[Exercise goal] The expected output is the first line of the data below and every line after it, up to and including the line containing "mod n) * r) = q", each reproduced exactly.

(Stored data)

______________________________

lemma smult_add_scaled_stack:
  assumes "dim_vec u = n"
  shows "a \<cdot>\<^sub>v stack n (\<lambda>k. f k \<cdot>\<^sub>v u) + stack n (\<lambda>k. g k \<cdot>\<^sub>v u)
       = stack n (\<lambda>k. (a * f k + g k) \<cdot>\<^sub>v u)"
proof (rule eq_vecI)
  fix p assume "p < dim_vec (stack n (\<lambda>k. (a * f k + g k) \<cdot>\<^sub>v u))"
  then have "p < n * n" by (simp add: stack_def)
  then have "p mod n < n" by (cases n) auto
  then show "(a \<cdot>\<^sub>v stack n (\<lambda>k. f k \<cdot>\<^sub>v u) + stack n (\<lambda>k. g k \<cdot>\<^sub>v u)) $ p
      = stack n (\<lambda>k. (a * f k + g k) \<cdot>\<^sub>v u) $ p"
    using \<open>p < n * n\<close> assms by (simp add: stack_def algebra_simps)
qed (simp add: stack_def)

lemma smult_scaled_stack:
  assumes "dim_vec u = n"
  shows "a \<cdot>\<^sub>v stack n (\<lambda>k. f k \<cdot>\<^sub>v u) = stack n (\<lambda>k. (a * f k) \<cdot>\<^sub>v u)"
proof (rule eq_vecI)
  fix p assume "p < dim_vec (stack n (\<lambda>k. (a * f k) \<cdot>\<^sub>v u))"
  then have "p < n * n" by (simp add: stack_def)
  then have "p mod n < n" by (cases n) auto
  then show "(a \<cdot>\<^sub>v stack n (\<lambda>k. f k \<cdot>\<^sub>v u)) $ p = stack n (\<lambda>k. (a * f k) \<cdot>\<^sub>v u) $ p"
    using \<open>p < n * n\<close> assms by (simp add: stack_def)
qed (simp add: stack_def)

lemma power_exponent_mod:
  assumes "x ^ n = (1 :: 'a :: monoid_mult)"
  shows "x ^ (m mod n) = x ^ m"
proof -
  have "x ^ m = x ^ (n * (m div n) + m mod n)"
    by simp
  also have "\<dots> = (x ^ n) ^ (m div n) * x ^ (m mod n)"
    by (simp only: power_add power_mult)
  finally show ?thesis
    using assms by simp
qed

lemma power_mult_commuted: "(x :: 'a :: monoid_mult) ^ (k * r) = (x ^ r) ^ k"
  by (simp add: power_mult[symmetric] mult.commute)

lemma dim_vvec [simp]: "dim_vec (vvec n q r) = n"
  by (simp add: vvec_def)

lemma vvec_rotate:
  assumes "q ^ n = 1" and "i < n"
  shows "vvec n q r $ ((i + 1) mod n) = (q ^ r)\<^sup>2 * vvec n q r $ i"
proof -
  have "(2 * ((i + 1) mod n) * r) mod n = (2 * (i + 1) * r) mod n"
    by (metis mod_mult_left_eq mod_mult_right_eq mult.assoc)
  then have "q ^ (2 * ((i + 1) mod n) * r) = q ^ (2 * (i + 1) * r)"
    by (metis assms(1) power_exponent_mod)
  also have "\<dots> = (q ^ r)\<^sup>2 * q ^ (2 * i * r)"
    unfolding power_mult[symmetric] power_add[symmetric] by (simp add: algebra_simps)
  finally show ?thesis
    using assms(2) by (simp add: vvec_def)
qed

lemma xvec_scaled_stack:
  "xvec n q r j = stack n (\<lambda>k. ((q ^ r) ^ k * chebU k (q ^ j + inverse (q ^ j))
       + (q ^ r) ^ (k - 1) * chebW k (q ^ j + inverse (q ^ j))) \<cdot>\<^sub>v vvec n q r)"
  unfolding xvec_def
proof (rule stack_cong)
  fix k
  show "xblock n q r j k = ((q ^ r) ^ k * chebU k (q ^ j + inverse (q ^ j))
       + (q ^ r) ^ (k - 1) * chebW k (q ^ j + inverse (q ^ j))) \<cdot>\<^sub>v vvec n q r"
  proof (cases "k = 0")
    case False
    then show ?thesis
      unfolding xblock_def Let_def chebW_def[symmetric] power_mult_commuted
      by (simp add: add_smult_distrib_vec)
  qed (simp add: xblock_def)
qed
(* Let $a,\alpha\in\mathcal{F}\setminus\{0\}$, $n$ a positive integer, and $f_n(x)=\alpha x^n$. (a) If $\operatorname{char}\mathcal{F}=0$, then for all $x,y\in D(a,|a|_\mathfrak{p}/q^{e+1})$, $|f_n(x)-f_n(y)|_\mathfrak{p}=|\alpha|_\mathfrak{p}|n|_\mathfrak{p}|a|_\mathfrak{p}^{n-1}|x-y|_\mathfrak{p}$, where $e$ is the ramification index of $\mathcal{F}/\mathbb{Q}_p$. (b) If $\operatorname{char}\mathcal{F}=p>0$, then for all $x,y\in D(a,|a|_\mathfrak{p}/q)$, $|f_n(x)-f_n(y)|_\mathfrak{p}=|\alpha|_\mathfrak{p}|a|_\mathfrak{p}^{\,n-p^{v_p(n)}}|x-y|_\mathfrak{p}^{\,p^{v_p(n)}}$. In particular, if $p\nmid n$, $f_n$ is scaling on $D(a,|a|_\mathfrak{p}/q)$ with scaling ratio $|\alpha|_\mathfrak{p}|a|_\mathfrak{p}^{n-1}$.
   Context: $\mathcal{F}$ is a non-Archimedean local field, $q$ the cardinality of its residue field, $|\cdot|_\mathfrak{p}$ the normalized absolute value; $D(a,r)=\{x:|x-a|_\mathfrak{p}\le r\}$. When $\operatorname{char}\mathcal{F}=0$, $\mathcal{F}$ is a finite extension of $\mathbb{Q}_p$ with ramification index $e$, and for integers $k$, $v_\mathfrak{p}(k)=e\,v_p(k)$ where $v_p$ is the usual $p$-adic valuation on $\mathbb{Z}$; $|n|_\mathfrak{p}$ denotes the absolute value of the integer $n$ viewed in $\mathcal{F}$. $v_p(n)$ is the exponent of $p$ in $n$. A map is scaling with ratio $q^\lambda$ if $|f(x)-f(y)|_\mathfrak{p}=q^\lambda|x-y|_\mathfrak{p}$ for all $x,y$ in its domain. *)

theory Defs
  imports "HOL-Analysis.Analysis" "HOL-Computational_Algebra.Computational_Algebra"
begin

definition val_ring :: "('a::field \<Rightarrow> real) \<Rightarrow> 'a set" where
  "val_ring absp = {x. absp x \<le> 1}"

text \<open>Residue field O/m, as the set of cosets of the maximal ideal m = {|x| < 1} in O.\<close>
definition residue_field :: "('a::field \<Rightarrow> real) \<Rightarrow> 'a set set" where
  "residue_field absp = (\<lambda>x. {y \<in> val_ring absp. absp (y - x) < 1}) ` val_ring absp"

definition nonarch_abs :: "('a::field \<Rightarrow> real) \<Rightarrow> bool" where
  "nonarch_abs absp \<longleftrightarrow>
     (\<forall>x. 0 \<le> absp x) \<and> (\<forall>x. absp x = 0 \<longleftrightarrow> x = 0) \<and>
     (\<forall>x y. absp (x * y) = absp x * absp y) \<and>
     (\<forall>x y. absp (x + y) \<le> max (absp x) (absp y))"

definition abs_complete :: "('a::field \<Rightarrow> real) \<Rightarrow> bool" where
  "abs_complete absp \<longleftrightarrow>
     (\<forall>X::nat \<Rightarrow> 'a. (\<forall>\<epsilon>>0. \<exists>N. \<forall>m\<ge>N. \<forall>n\<ge>N. absp (X m - X n) < \<epsilon>) \<longrightarrow>
        (\<exists>L. \<forall>\<epsilon>>0. \<exists>N. \<forall>n\<ge>N. absp (X n - L) < \<epsilon>))"

definition nonarch_local_field :: "('a::field \<Rightarrow> real) \<Rightarrow> nat \<Rightarrow> bool" where
  "nonarch_local_field absp q \<longleftrightarrow>
     nonarch_abs absp \<and> abs_complete absp \<and>
     finite (residue_field absp) \<and> card (residue_field absp) = q \<and>
     absp ` (UNIV - {0}) = range (\<lambda>k::int. real q powi k)"

definition disk :: "('a::field \<Rightarrow> real) \<Rightarrow> 'a \<Rightarrow> real \<Rightarrow> 'a set" where
  "disk absp a r = {x. absp (x - a) \<le> r}"

end

theory Submission
  imports Defs
begin

(* Write x = a (1 + s), y = a (1 + t) with |s|, |t| <= r.  By the binomial theorem
   (1 + s)^n - (1 + t)^n = n (s - t) + sum_{k >= 2} (n choose k) (s^k - t^k), and
   |s^k - t^k| <= r^(k-1) |s - t|.  As long as every |n choose k| r^(k-1) is strictly smaller
   than |n|, the linear term dominates, so by the ultrametric inequality it alone determines
   the absolute value of the difference.
   In characteristic 0 this holds for every radius r < |p|: from k (n choose k) = n (n-1 choose k-1)
   and |k| >= |p|^(k-1) one gets |n choose k| |p|^(k-1) <= |n|.
   In characteristic p, write n = p^v m with p not dividing m.  The Frobenius power x |-> x^(p^v)
   is additive and maps the disk of radius |a| r about a into the disk of radius |a^(p^v)| r
   about a^(p^v); there |m| = 1, so the condition only asks for r < 1. *)

lemma one_plus_power_diff_eq:
  fixes s t :: "'a::comm_ring_1"
  assumes "0 < n"
  shows "(1 + s) ^ n - (1 + t) ^ n
    = of_nat n * (s - t) + (\<Sum>k=2..n. of_nat (n choose k) * (s ^ k - t ^ k))"
proof -
  have binomial: "(1 + u) ^ n = (\<Sum>k\<le>n. of_nat (n choose k) * u ^ k)" for u :: 'a
    by (subst add.commute) (simp add: binomial_ring)
  have "{..n} = {0, 1} \<union> {2..n}"
    using \<open>0 < n\<close> by auto
  then have "(1 + s) ^ n - (1 + t) ^ n
      = (\<Sum>k\<in>{0, 1} \<union> {2..n}. of_nat (n choose k) * (s ^ k - t ^ k))"
    by (simp add: binomial right_diff_distrib flip: sum_subtractf)
  also have "\<dots> = of_nat n * (s - t) + (\<Sum>k=2..n. of_nat (n choose k) * (s ^ k - t ^ k))"
    by (subst sum.union_disjoint) auto
  finally show ?thesis .
qed

lemma freshmans_dream_diff:
  fixes x y :: "'a::comm_ring_1"
  assumes "prime CHAR('a)" and "m = CHAR('a) ^ k"
  shows "(x - y) ^ m = x ^ m - y ^ m"
  using freshmans_dream'[OF assms, of "x - y" y] by (simp add: eq_diff_eq)

context
  fixes absp :: "'a::field \<Rightarrow> real"
  assumes nonarch: "nonarch_abs absp"
begin

lemma nonarch_abs_nonneg: "0 \<le> absp x"
  using nonarch unfolding nonarch_abs_def by blast

lemma nonarch_abs_eq_0_iff: "absp x = 0 \<longleftrightarrow> x = 0"
  using nonarch unfolding nonarch_abs_def by blast

lemma nonarch_abs_mult: "absp (x * y) = absp x * absp y"
  using nonarch unfolding nonarch_abs_def by blast

lemma nonarch_abs_add_le_max: "absp (x + y) \<le> max (absp x) (absp y)"
  using nonarch unfolding nonarch_abs_def by blast

lemma nonarch_abs_pos: "x \<noteq> 0 \<Longrightarrow> 0 < absp x"
  using nonarch_abs_nonneg[of x] nonarch_abs_eq_0_iff[of x] by linarith

lemma nonarch_abs_zero [simp]: "absp 0 = 0"
  by (simp add: nonarch_abs_eq_0_iff)

lemma nonarch_abs_one [simp]: "absp 1 = 1"
  using nonarch_abs_mult[of 1 1] nonarch_abs_pos[of 1] by simp

lemma nonarch_abs_minus [simp]: "absp (- x) = absp x"
proof -
  have "absp (-1) * absp (-1) = 1"
    by (simp flip: nonarch_abs_mult)
  then have "absp (-1) = 1"
    using nonarch_abs_nonneg[of "-1"] by (metis abs_of_nonneg abs_square_eq_1 power2_eq_square)
  then show ?thesis
    using nonarch_abs_mult[of "-1" x] by simp
qed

______________________________

[Exercise output]
lemma smult_add_scaled_stack:
  assumes "dim_vec u = n"
  shows "a \<cdot>\<^sub>v stack n (\<lambda>k. f k \<cdot>\<^sub>v u) + stack n (\<lambda>k. g k \<cdot>\<^sub>v u)
       = stack n (\<lambda>k. (a * f k + g k) \<cdot>\<^sub>v u)"
proof (rule eq_vecI)
  fix p assume "p < dim_vec (stack n (\<lambda>k. (a * f k + g k) \<cdot>\<^sub>v u))"
  then have "p < n * n" by (simp add: stack_def)
  then have "p mod n < n" by (cases n) auto
  then show "(a \<cdot>\<^sub>v stack n (\<lambda>k. f k \<cdot>\<^sub>v u) + stack n (\<lambda>k. g k \<cdot>\<^sub>v u)) $ p
      = stack n (\<lambda>k. (a * f k + g k) \<cdot>\<^sub>v u) $ p"
    using \<open>p < n * n\<close> assms by (simp add: stack_def algebra_simps)
qed (simp add: stack_def)

lemma smult_scaled_stack:
  assumes "dim_vec u = n"
  shows "a \<cdot>\<^sub>v stack n (\<lambda>k. f k \<cdot>\<^sub>v u) = stack n (\<lambda>k. (a * f k) \<cdot>\<^sub>v u)"
proof (rule eq_vecI)
  fix p assume "p < dim_vec (stack n (\<lambda>k. (a * f k) \<cdot>\<^sub>v u))"
  then have "p < n * n" by (simp add: stack_def)
  then have "p mod n < n" by (cases n) auto
  then show "(a \<cdot>\<^sub>v stack n (\<lambda>k. f k \<cdot>\<^sub>v u)) $ p = stack n (\<lambda>k. (a * f k) \<cdot>\<^sub>v u) $ p"
    using \<open>p < n * n\<close> assms by (simp add: stack_def)
qed (simp add: stack_def)

lemma power_exponent_mod:
  assumes "x ^ n = (1 :: 'a :: monoid_mult)"
  shows "x ^ (m mod n) = x ^ m"
proof -
  have "x ^ m = x ^ (n * (m div n) + m mod n)"
    by simp
  also have "\<dots> = (x ^ n) ^ (m div n) * x ^ (m mod n)"
    by (simp only: power_add power_mult)
  finally show ?thesis
    using assms by simp
qed

lemma power_mult_commuted: "(x :: 'a :: monoid_mult) ^ (k * r) = (x ^ r) ^ k"
  by (simp add: power_mult[symmetric] mult.commute)

lemma dim_vvec [simp]: "dim_vec (vvec n q r) = n"
  by (simp add: vvec_def)

lemma vvec_rotate:
  assumes "q ^ n = 1" and "i < n"
  shows "vvec n q r $ ((i + 1) mod n) = (q ^ r)\<^sup>2 * vvec n q r $ i"
proof -
  have "(2 * ((i + 1) mod n) * r) mod n = (2 * (i + 1) * r) mod n"
    by (metis mod_mult_left_eq mod_mult_right_eq mult.assoc)
  then have "q ^ (2 * ((i + 1) mod n) * r) = q ^ (2 * (i + 1) * r)"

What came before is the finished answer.